Nadir Rashid oghlu Rustamli (, ; born 8 July 1999) is an Azerbaijani singer. Rustamli won the second season of The Voice of Azerbaijan. He represented Azerbaijan in the Eurovision Song Contest 2022 with the song "Fade To Black", finishing 16th in the final.

Early life 
Born in Salyan, Rustamli attended secondary school #3 in 2005–2016. In his younger years, he received piano training at the Gulu Asgarov Music School in his hometown. In 2021, Rustamli graduated from the Azerbaijan University of Tourism and Management with a degree in business administration.

Career

2017–2020 
From 2017 onwards, Rustamli has participated in various contests, including the Youthvision 2019 International Song Contest, where he finished second among 21 contestants.

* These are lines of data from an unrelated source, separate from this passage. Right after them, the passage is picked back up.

lemma simple_graph_prism:
  assumes "simple_graph V E"
  shows "simple_graph (V \<times> {0, 1}) (prism_E V E)"
  unfolding simple_graph_def
proof (intro conjI ballI)
  show "finite (V \<times> {0::nat, 1})" using assms unfolding simple_graph_def by simp
next
  fix e assume "e \<in> prism_E V E"
  then show "\<exists>u v. e = {u, v} \<and> u \<noteq> v \<and> u \<in> V \<times> {0, 1} \<and> v \<in> V \<times> {0, 1}"
  proof (cases rule: prism_edgeE)
    case (rung a)
    then show ?thesis by - (rule exI[of _ "(a, 0)"], rule exI[of _ "(a, 1)"], simp)
  next
    case (copy a b i)
    obtain u v where "{a, b} = {u, v}" "u \<noteq> v" using simple_graph_edge[OF assms copy(1)] by blast
    then have "a \<noteq> b" by (auto simp: doubleton_eq_iff)
    then show ?thesis using copy by - (rule exI[of _ "(a, i)"], rule exI[of _ "(b, i)"], simp)
  qed
qed

lemma bipartition_prism:
  assumes "bipartition V E X Y"
  shows "bipartition (V \<times> {0, 1}) (prism_E V E) (X \<times> {0} \<union> Y \<times> {1}) (Y \<times> {0} \<union> X \<times> {1})"
  unfolding bipartition_def
proof (intro conjI ballI)
  note XY = bipartitionD[OF assms]
  show "(X \<times> {0} \<union> Y \<times> {1}) \<inter> (Y \<times> {0} \<union> X \<times> {1::nat}) = {}"
    "X \<times> {0} \<union> Y \<times> {1} \<union> (Y \<times> {0} \<union> X \<times> {1::nat}) = V \<times> {0, 1}"
    using XY by auto
  fix e assume "e \<in> prism_E V E"
  then show "\<exists>p q. p \<in> X \<times> {0} \<union> Y \<times> {1} \<and> q \<in> Y \<times> {0} \<union> X \<times> {1} \<and> e = {p, q}"
  proof (cases rule: prism_edgeE)
    case (rung a)
    then show ?thesis using XY by (cases "a \<in> X") auto
  next
    case (copy a b i)
    obtain x y where xy: "x \<in> X" "y \<in> Y" "{a, b} = {x, y}" using XY(3)[OF copy(1)] by blast
    then have e: "e = {(x, i), (y, i)}" using copy(5) by (auto simp: doubleton_eq_iff)
    show ?thesis
    proof (cases "i = 0")
      case True
      then show ?thesis using e xy by - (rule exI[of _ "(x, 0)"], rule exI[of _ "(y, 0)"], simp)
    next
      case False
      then have "i = 1" using copy(4) by simp
      then show ?thesis
        using e xy by - (rule exI[of _ "(y, 1)"], rule exI[of _ "(x, 1)"], simp add: insert_commute)
    qed
  qed
qed
(* Let $n, r$ be positive integers. Then $$m\big(L(K_n),r\big)=\begin{cases}\left\lfloor\dfrac{(r+2)^2}{8}\right\rfloor, & \text{if } n\geqslant\lceil r/2\rceil+2;\\[2mm] \dbinom{n}{2}, & \text{otherwise.}\end{cases}$$
   Context: All graphs are finite, simple and undirected. For a nonnegative integer $r$ and a graph $G$, the $r$-neighbor bootstrap percolation process on $G$ starts with a set $A_0\subseteq V(G)$ of initially active vertices, and for $i\geqslant 1$, $A_i=A_{i-1}\cup\{v\in V(G) : |N(v)\cap A_{i-1}|\geqslant r\}$, where $N(v)$ is the set of neighbors of $v$. The set $A_0$ is a percolating set if $\bigcup_{i\geqslant 0}A_i=V(G)$. $m(G,r)$ denotes the minimum size of a percolating set. $L(G)$ is the line graph of $G$: its vertex set is $E(G)$ and two vertices are adjacent iff the corresponding edges share an endpoint. $K_n$ is the complete graph on $n$ vertices. *)

theory Defs
  imports Complex_Main
begin

text \<open>A finite simple graph is given by a vertex set V and a symmetric irreflexive
adjacency relation adj. Neighbours of v: the u in V with adj v u.\<close>

definition bp_step :: "'a set \<Rightarrow> ('a \<Rightarrow> 'a \<Rightarrow> bool) \<Rightarrow> nat \<Rightarrow> 'a set \<Rightarrow> 'a set" where
  "bp_step V adj r A = A \<union> {v \<in> V. card {u \<in> V. adj v u \<and> u \<in> A} \<ge> r}"

definition bp_closure :: "'a set \<Rightarrow> ('a \<Rightarrow> 'a \<Rightarrow> bool) \<Rightarrow> nat \<Rightarrow> 'a set \<Rightarrow> 'a set" where
  "bp_closure V adj r A0 = (\<Union>i. (bp_step V adj r ^^ i) A0)"
(* Let $F=(F,\xi):\mathcal A\to\mathcal B$ be a triangle functor between triangulated categories. The following are equivalent: (i) $F$ satisfies condition (WSM): for each morphism $u:X\to Y$ in $\mathcal A$ such that $F(u)$ is a splitting monomorphism in $\mathcal B$, there exists an object $X'$ and a morphism $u':Y\to X'$ in $\mathcal A$ such that $F(u'u)$ is an isomorphism in $\mathcal B$; (ii) $F$ is objective; (iii) the induced triangle functor $\widetilde F:\mathcal A/\operatorname{Ker}(F)\to\mathcal B$ is faithful.
   Context: All functors are covariant and additive. A triangle functor is a pair $(F,\xi)$ with $F$ additive and $\xi:F\circ[1]\to[1]\circ F$ a natural isomorphism such that $F$ sends each distinguished triangle $X\xrightarrow{u}Y\xrightarrow{v}Z\xrightarrow{w}X[1]$ to the distinguished triangle $F(X)\xrightarrow{F(u)}F(Y)\xrightarrow{F(v)}F(Z)\xrightarrow{\xi_XF(w)}F(X)[1]$. A functor $F$ between additive categories is objective if every morphism $f$ with $F(f)=0$ factors through an object $K$ with $F(K)=0$. $\operatorname{Ker}(F)$ denotes the full subcategory of $\mathcal A$ of objects $X$ with $F(X)=0$; it is a triangulated subcategory. For a triangulated subcategory $\mathcal K$ of $\mathcal A$, the Verdier quotient $V_{\mathcal K}:\mathcal A\to\mathcal A/\mathcal K$ is the dense triangle functor with $V_{\mathcal K}(\mathcal K)=0$ and the universal property that every triangle functor $G:\mathcal A\to\mathcal B$ with $G(\mathcal K)=0$ factors uniquely as $G=G'V_{\mathcal K}$ with $G'$ a triangle functor. Writing $V_F=V_{\operatorname{Ker}(F)}$, $\widetilde F$ is the unique triangle functor $\mathcal A/\operatorname{Ker}(F)\to\mathcal B$ with $F=\widetilde F V_F$. *)

theory Defs
  imports Main
begin

record ('o,'m) addcat =
  Ob  :: "'o set"
  Ar  :: "'m set"
  Dom :: "'m \<Rightarrow> 'o"
  Cod :: "'m \<Rightarrow> 'o"
  Cmp :: "'m \<Rightarrow> 'm \<Rightarrow> 'm"   (* Cmp C g f = g o f *)
  Idm :: "'o \<Rightarrow> 'm"
  Add :: "'m \<Rightarrow> 'm \<Rightarrow> 'm"
  Zer :: "'o \<Rightarrow> 'o \<Rightarrow> 'm"
  Neg :: "'m \<Rightarrow> 'm"

record ('o,'m) tricat = "('o,'m) addcat" +
  Sh   :: "'o \<Rightarrow> 'o"
  ShM  :: "'m \<Rightarrow> 'm"
  Dist :: "('m \<times> 'm \<times> 'm) set"

definition hom :: "('o,'m,'x) addcat_scheme \<Rightarrow> 'o \<Rightarrow> 'o \<Rightarrow> 'm set" where
  "hom C X Y = {f \<in> Ar C. Dom C f = X \<and> Cod C f = Y}"

definition is_category :: "('o,'m,'x) addcat_scheme \<Rightarrow> bool" where
  "is_category C \<longleftrightarrow>
     (\<forall>f\<in>Ar C. Dom C f \<in> Ob C \<and> Cod C f \<in> Ob C) \<and>
     (\<forall>X\<in>Ob C. Idm C X \<in> hom C X X) \<and>
     (\<forall>X\<in>Ob C. \<forall>Y\<in>Ob C. \<forall>Z\<in>Ob C. \<forall>f\<in>hom C X Y. \<forall>g\<in>hom C Y Z. Cmp C g f \<in> hom C X Z) \<and>
     (\<forall>W\<in>Ob C. \<forall>X\<in>Ob C. \<forall>Y\<in>Ob C. \<forall>Z\<in>Ob C. \<forall>f\<in>hom C W X. \<forall>g\<in>hom C X Y. \<forall>h\<in>hom C Y Z.
        Cmp C h (Cmp C g f) = Cmp C (Cmp C h g) f) \<and>
     (\<forall>f\<in>Ar C. Cmp C f (Idm C (Dom C f)) = f \<and> Cmp C (Idm C (Cod C f)) f = f)"

definition is_preadditive :: "('o,'m,'x) addcat_scheme \<Rightarrow> bool" where
  "is_preadditive C \<longleftrightarrow>
     (\<forall>X\<in>Ob C. \<forall>Y\<in>Ob C.
        Zer C X Y \<in> hom C X Y \<and>
        (\<forall>f\<in>hom C X Y. \<forall>g\<in>hom C X Y. Add C f g \<in> hom C X Y) \<and>
        (\<forall>f\<in>hom C X Y. Neg C f \<in> hom C X Y) \<and>
        (\<forall>f\<in>hom C X Y. \<forall>g\<in>hom C X Y. \<forall>h\<in>hom C X Y. Add C (Add C f g) h = Add C f (Add C g h)) \<and>
        (\<forall>f\<in>hom C X Y. \<forall>g\<in>hom C X Y. Add C f g = Add C g f) \<and>
        (\<forall>f\<in>hom C X Y. Add C f (Zer C X Y) = f) \<and>
        (\<forall>f\<in>hom C X Y. Add C f (Neg C f) = Zer C X Y)) \<and>
     (\<forall>X\<in>Ob C. \<forall>Y\<in>Ob C. \<forall>Z\<in>Ob C.
        (\<forall>f\<in>hom C X Y. \<forall>g\<in>hom C Y Z. \<forall>g'\<in>hom C Y Z.
            Cmp C (Add C g g') f = Add C (Cmp C g f) (Cmp C g' f)) \<and>
        (\<forall>f\<in>hom C X Y. \<forall>f'\<in>hom C X Y. \<forall>g\<in>hom C Y Z.
            Cmp C g (Add C f f') = Add C (Cmp C g f) (Cmp C g f')))"

definition is_zero_obj :: "('o,'m,'x) addcat_scheme \<Rightarrow> 'o \<Rightarrow> bool" where
  "is_zero_obj C Z \<longleftrightarrow> Z \<in> Ob C \<and>
     (\<forall>X\<in>Ob C. (\<exists>!f. f \<in> hom C Z X) \<and> (\<exists>!f. f \<in> hom C X Z))"

definition has_biproducts :: "('o,'m,'x) addcat_scheme \<Rightarrow> bool" where
  "has_biproducts C \<longleftrightarrow> (\<forall>X\<in>Ob C. \<forall>Y\<in>Ob C. \<exists>P\<in>Ob C.
     \<exists>p1\<in>hom C P X. \<exists>p2\<in>hom C P Y. \<exists>i1\<in>hom C X P. \<exists>i2\<in>hom C Y P.
       Cmp C p1 i1 = Idm C X \<and> Cmp C p2 i2 = Idm C Y \<and>
       Cmp C p1 i2 = Zer C Y X \<and> Cmp C p2 i1 = Zer C X Y \<and>
       Add C (Cmp C i1 p1) (Cmp C i2 p2) = Idm C P)"

definition is_additive :: "('o,'m,'x) addcat_scheme \<Rightarrow> bool" where
  "is_additive C \<longleftrightarrow> is_category C \<and> is_preadditive C \<and>
     (\<exists>Z. is_zero_obj C Z) \<and> has_biproducts C"

definition is_iso :: "('o,'m,'x) addcat_scheme \<Rightarrow> 'm \<Rightarrow> bool" where
  "is_iso C f \<longleftrightarrow> f \<in> Ar C \<and> (\<exists>g\<in>hom C (Cod C f) (Dom C f).
      Cmp C g f = Idm C (Dom C f) \<and> Cmp C f g = Idm C (Cod C f))"

definition inv_arr :: "('o,'m,'x) addcat_scheme \<Rightarrow> 'm \<Rightarrow> 'm" where
  "inv_arr C f = (SOME g. g \<in> hom C (Cod C f) (Dom C f) \<and>
      Cmp C g f = Idm C (Dom C f) \<and> Cmp C f g = Idm C (Cod C f))"

definition is_split_mono :: "('o,'m,'x) addcat_scheme \<Rightarrow> 'm \<Rightarrow> bool" where
  "is_split_mono C f \<longleftrightarrow> f \<in> Ar C \<and>
     (\<exists>r\<in>hom C (Cod C f) (Dom C f). Cmp C r f = Idm C (Dom C f))"

definition is_functor :: "('o,'m,'x) addcat_scheme \<Rightarrow> ('p,'n,'y) addcat_scheme
     \<Rightarrow> ('o \<Rightarrow> 'p) \<Rightarrow> ('m \<Rightarrow> 'n) \<Rightarrow> bool" where
  "is_functor C D Fo Fm \<longleftrightarrow>
     (\<forall>X\<in>Ob C. Fo X \<in> Ob D) \<and>
     (\<forall>X\<in>Ob C. \<forall>Y\<in>Ob C. \<forall>f\<in>hom C X Y. Fm f \<in> hom D (Fo X) (Fo Y)) \<and>
     (\<forall>X\<in>Ob C. Fm (Idm C X) = Idm D (Fo X)) \<and>
     (\<forall>X\<in>Ob C. \<forall>Y\<in>Ob C. \<forall>Z\<in>Ob C. \<forall>f\<in>hom C X Y. \<forall>g\<in>hom C Y Z.
        Fm (Cmp C g f) = Cmp D (Fm g) (Fm f))"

2021: The Voice of Azerbaijan 
In 2021, he auditioned for the second season of The Voice of Azerbaijan. In the blind auditions, he earned chair turns from Eldar Gasimov and Murad Arif. He chose to be on Team Eldar. In January 2022, he won the show with a televote percentage of 42.6%.

2022: Eurovision Song Contest 2022 

On 16 February 2022, İctimai Television announced that they had internally selected Rustamli to represent Azerbaijan in the Eurovision Song Contest 2022. He came 10th in the second semi-final with 96 points, qualifying for the final. All of the points came from jury votes, with the public vote not awarding any points. Rustamli performed 15th in the grand final, and came 16th with 106 points; 103 points came from the jury, and 3 from the public.

Discography

Singles 

 "Mashup" (2021)
 "Fade to Black" (2022)

References

External links 
 
 

1999 births
Living people
21st-century Azerbaijani singers
The Voice (franchise) winners
Eurovision Song Contest entrants for Azerbaijan
Eurovision Song Contest entrants of 2022
People from Salyan, Azerbaijan
People from Salyan District (Azerbaijan)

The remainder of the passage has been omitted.